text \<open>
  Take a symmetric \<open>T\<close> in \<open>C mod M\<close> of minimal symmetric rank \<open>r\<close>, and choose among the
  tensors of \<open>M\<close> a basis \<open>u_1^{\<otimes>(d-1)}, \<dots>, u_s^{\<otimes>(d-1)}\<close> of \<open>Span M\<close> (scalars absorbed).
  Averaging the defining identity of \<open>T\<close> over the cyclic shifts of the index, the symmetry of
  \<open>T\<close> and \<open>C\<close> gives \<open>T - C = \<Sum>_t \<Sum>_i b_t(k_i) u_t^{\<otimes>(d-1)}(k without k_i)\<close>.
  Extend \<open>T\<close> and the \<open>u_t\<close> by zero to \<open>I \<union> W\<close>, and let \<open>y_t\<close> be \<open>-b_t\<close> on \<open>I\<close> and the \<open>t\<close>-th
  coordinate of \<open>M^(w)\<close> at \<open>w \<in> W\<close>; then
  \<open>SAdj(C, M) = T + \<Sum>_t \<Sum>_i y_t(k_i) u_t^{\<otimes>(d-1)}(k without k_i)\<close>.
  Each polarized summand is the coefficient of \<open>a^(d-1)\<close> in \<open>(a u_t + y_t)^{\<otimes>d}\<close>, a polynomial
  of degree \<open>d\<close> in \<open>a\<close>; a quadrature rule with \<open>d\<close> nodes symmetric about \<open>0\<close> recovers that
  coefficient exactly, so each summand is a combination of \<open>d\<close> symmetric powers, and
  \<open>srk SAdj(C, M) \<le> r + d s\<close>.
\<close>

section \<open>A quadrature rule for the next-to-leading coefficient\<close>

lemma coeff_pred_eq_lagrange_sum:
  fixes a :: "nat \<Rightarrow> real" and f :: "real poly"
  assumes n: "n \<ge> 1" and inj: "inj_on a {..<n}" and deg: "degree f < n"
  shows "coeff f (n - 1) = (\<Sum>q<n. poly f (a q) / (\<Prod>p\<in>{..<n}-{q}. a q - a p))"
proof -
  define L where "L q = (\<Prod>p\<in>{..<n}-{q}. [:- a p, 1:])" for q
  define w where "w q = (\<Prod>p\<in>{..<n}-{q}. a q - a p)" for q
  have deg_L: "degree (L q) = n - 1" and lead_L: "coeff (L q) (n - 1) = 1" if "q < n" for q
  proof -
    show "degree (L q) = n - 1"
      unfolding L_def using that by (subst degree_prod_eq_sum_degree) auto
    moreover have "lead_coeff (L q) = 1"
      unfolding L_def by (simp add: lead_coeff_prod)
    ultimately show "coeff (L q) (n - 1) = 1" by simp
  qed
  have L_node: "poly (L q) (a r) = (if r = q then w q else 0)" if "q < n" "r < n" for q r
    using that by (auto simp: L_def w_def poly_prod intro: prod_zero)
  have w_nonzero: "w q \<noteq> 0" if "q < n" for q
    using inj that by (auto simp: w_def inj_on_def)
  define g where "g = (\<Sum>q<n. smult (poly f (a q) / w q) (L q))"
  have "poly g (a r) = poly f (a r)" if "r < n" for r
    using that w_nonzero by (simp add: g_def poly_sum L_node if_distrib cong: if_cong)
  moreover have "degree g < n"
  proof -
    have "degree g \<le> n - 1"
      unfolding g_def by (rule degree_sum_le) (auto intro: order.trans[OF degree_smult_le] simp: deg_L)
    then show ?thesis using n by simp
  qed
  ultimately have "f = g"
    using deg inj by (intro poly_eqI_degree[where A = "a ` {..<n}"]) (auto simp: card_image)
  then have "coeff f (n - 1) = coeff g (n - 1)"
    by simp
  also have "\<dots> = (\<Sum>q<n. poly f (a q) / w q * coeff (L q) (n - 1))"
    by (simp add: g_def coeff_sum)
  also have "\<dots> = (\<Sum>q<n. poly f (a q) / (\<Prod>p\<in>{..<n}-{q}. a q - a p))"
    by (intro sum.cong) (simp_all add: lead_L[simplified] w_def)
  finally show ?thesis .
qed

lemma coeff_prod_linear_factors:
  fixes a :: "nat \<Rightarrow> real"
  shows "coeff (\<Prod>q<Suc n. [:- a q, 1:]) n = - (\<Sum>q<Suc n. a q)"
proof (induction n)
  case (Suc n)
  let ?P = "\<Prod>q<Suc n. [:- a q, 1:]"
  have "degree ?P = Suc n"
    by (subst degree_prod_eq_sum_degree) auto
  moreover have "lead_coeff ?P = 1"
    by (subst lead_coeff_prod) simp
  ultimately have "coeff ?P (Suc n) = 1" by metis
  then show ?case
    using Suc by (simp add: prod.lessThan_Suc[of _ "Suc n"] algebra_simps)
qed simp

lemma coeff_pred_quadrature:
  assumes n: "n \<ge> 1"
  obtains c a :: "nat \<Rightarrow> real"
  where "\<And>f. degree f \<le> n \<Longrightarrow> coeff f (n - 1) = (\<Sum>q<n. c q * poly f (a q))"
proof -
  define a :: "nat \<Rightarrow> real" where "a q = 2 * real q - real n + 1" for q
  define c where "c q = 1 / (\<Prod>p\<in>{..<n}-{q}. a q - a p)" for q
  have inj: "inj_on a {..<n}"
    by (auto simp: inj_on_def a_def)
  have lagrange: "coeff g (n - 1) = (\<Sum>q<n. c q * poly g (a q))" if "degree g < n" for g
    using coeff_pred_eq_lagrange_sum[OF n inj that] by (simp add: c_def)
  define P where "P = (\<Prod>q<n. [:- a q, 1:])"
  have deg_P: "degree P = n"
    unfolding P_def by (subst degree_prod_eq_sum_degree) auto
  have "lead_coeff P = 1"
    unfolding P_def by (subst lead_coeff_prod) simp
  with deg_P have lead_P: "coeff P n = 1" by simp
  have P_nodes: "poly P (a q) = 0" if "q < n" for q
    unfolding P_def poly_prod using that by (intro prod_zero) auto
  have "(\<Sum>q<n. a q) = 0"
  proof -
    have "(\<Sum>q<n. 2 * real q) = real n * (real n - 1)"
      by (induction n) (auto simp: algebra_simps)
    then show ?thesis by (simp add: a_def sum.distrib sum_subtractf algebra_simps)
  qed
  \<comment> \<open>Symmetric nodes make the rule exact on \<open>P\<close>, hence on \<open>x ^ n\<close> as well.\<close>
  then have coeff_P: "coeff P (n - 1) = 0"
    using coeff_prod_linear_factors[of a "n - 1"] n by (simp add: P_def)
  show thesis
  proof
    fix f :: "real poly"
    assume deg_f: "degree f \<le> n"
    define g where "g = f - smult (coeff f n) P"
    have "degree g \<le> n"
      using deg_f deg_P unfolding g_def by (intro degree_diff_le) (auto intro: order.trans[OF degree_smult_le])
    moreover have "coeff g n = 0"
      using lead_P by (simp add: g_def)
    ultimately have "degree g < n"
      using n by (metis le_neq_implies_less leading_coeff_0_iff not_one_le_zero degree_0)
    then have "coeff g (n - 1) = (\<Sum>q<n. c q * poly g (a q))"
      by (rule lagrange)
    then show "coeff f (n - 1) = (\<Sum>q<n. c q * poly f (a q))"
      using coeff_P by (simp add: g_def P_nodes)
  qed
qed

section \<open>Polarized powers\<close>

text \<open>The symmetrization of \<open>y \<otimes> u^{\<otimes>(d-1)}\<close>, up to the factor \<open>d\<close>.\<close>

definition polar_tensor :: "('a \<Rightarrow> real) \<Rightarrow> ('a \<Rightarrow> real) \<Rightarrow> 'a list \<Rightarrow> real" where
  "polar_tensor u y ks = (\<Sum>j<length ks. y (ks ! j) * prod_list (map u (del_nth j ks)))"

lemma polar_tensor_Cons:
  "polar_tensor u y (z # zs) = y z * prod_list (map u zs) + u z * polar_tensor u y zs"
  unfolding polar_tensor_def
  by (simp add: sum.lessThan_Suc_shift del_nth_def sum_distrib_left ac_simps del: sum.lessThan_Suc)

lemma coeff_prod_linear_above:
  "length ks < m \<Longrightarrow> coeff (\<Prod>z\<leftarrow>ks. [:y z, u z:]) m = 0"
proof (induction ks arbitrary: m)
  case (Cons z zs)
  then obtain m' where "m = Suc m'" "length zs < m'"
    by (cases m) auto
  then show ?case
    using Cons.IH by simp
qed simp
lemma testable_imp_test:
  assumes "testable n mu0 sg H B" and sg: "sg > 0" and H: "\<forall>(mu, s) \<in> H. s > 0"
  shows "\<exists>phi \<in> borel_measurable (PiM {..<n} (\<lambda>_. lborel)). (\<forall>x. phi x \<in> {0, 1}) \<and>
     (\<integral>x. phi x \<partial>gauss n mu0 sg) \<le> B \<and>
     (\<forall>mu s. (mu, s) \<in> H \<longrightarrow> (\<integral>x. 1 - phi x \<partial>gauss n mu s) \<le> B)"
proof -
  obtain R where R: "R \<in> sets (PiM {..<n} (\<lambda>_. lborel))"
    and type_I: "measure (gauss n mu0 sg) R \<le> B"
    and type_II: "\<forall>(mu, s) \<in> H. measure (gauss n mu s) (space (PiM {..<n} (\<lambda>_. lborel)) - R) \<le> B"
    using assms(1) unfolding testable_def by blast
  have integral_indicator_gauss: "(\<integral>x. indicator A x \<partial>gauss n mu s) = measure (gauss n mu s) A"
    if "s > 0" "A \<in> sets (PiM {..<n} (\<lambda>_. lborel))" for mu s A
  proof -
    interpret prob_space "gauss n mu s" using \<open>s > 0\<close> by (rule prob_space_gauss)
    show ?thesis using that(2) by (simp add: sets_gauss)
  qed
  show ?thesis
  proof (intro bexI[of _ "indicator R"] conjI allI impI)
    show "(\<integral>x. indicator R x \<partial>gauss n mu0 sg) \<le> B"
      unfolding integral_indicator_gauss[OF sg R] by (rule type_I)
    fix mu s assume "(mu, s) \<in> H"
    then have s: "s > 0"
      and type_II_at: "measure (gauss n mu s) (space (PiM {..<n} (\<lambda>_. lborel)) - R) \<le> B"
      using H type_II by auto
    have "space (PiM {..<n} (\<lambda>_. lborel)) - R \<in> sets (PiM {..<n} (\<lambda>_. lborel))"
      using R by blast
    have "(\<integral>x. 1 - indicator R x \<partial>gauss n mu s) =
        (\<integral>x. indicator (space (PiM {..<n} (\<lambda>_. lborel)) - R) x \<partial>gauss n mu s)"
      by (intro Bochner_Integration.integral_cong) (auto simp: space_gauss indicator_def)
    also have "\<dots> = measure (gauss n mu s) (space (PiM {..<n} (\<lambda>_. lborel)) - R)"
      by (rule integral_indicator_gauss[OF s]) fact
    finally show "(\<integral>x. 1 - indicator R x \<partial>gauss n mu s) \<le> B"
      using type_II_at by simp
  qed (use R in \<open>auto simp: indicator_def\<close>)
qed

WHAT TO PRODUCE: The lines from the one containing "proof (intro bexI[of" through the final line of the listing above are to be repeated exactly, and nothing else is to be printed.

ANSWER BOX:
  proof (intro bexI[of _ "indicator R"] conjI allI impI)
    show "(\<integral>x. indicator R x \<partial>gauss n mu0 sg) \<le> B"
      unfolding integral_indicator_gauss[OF sg R] by (rule type_I)
    fix mu s assume "(mu, s) \<in> H"
    then have s: "s > 0"
      and type_II_at: "measure (gauss n mu s) (space (PiM {..<n} (\<lambda>_. lborel)) - R) \<le> B"
      using H type_II by auto
    have "space (PiM {..<n} (\<lambda>_. lborel)) - R \<in> sets (PiM {..<n} (\<lambda>_. lborel))"
      using R by blast
    have "(\<integral>x. 1 - indicator R x \<partial>gauss n mu s) =
        (\<integral>x. indicator (space (PiM {..<n} (\<lambda>_. lborel)) - R) x \<partial>gauss n mu s)"
      by (intro Bochner_Integration.integral_cong) (auto simp: space_gauss indicator_def)
    also have "\<dots> = measure (gauss n mu s) (space (PiM {..<n} (\<lambda>_. lborel)) - R)"
      by (rule integral_indicator_gauss[OF s]) fact
    finally show "(\<integral>x. 1 - indicator R x \<partial>gauss n mu s) \<le> B"
      using type_II_at by simp
  qed (use R in \<open>auto simp: indicator_def\<close>)
qed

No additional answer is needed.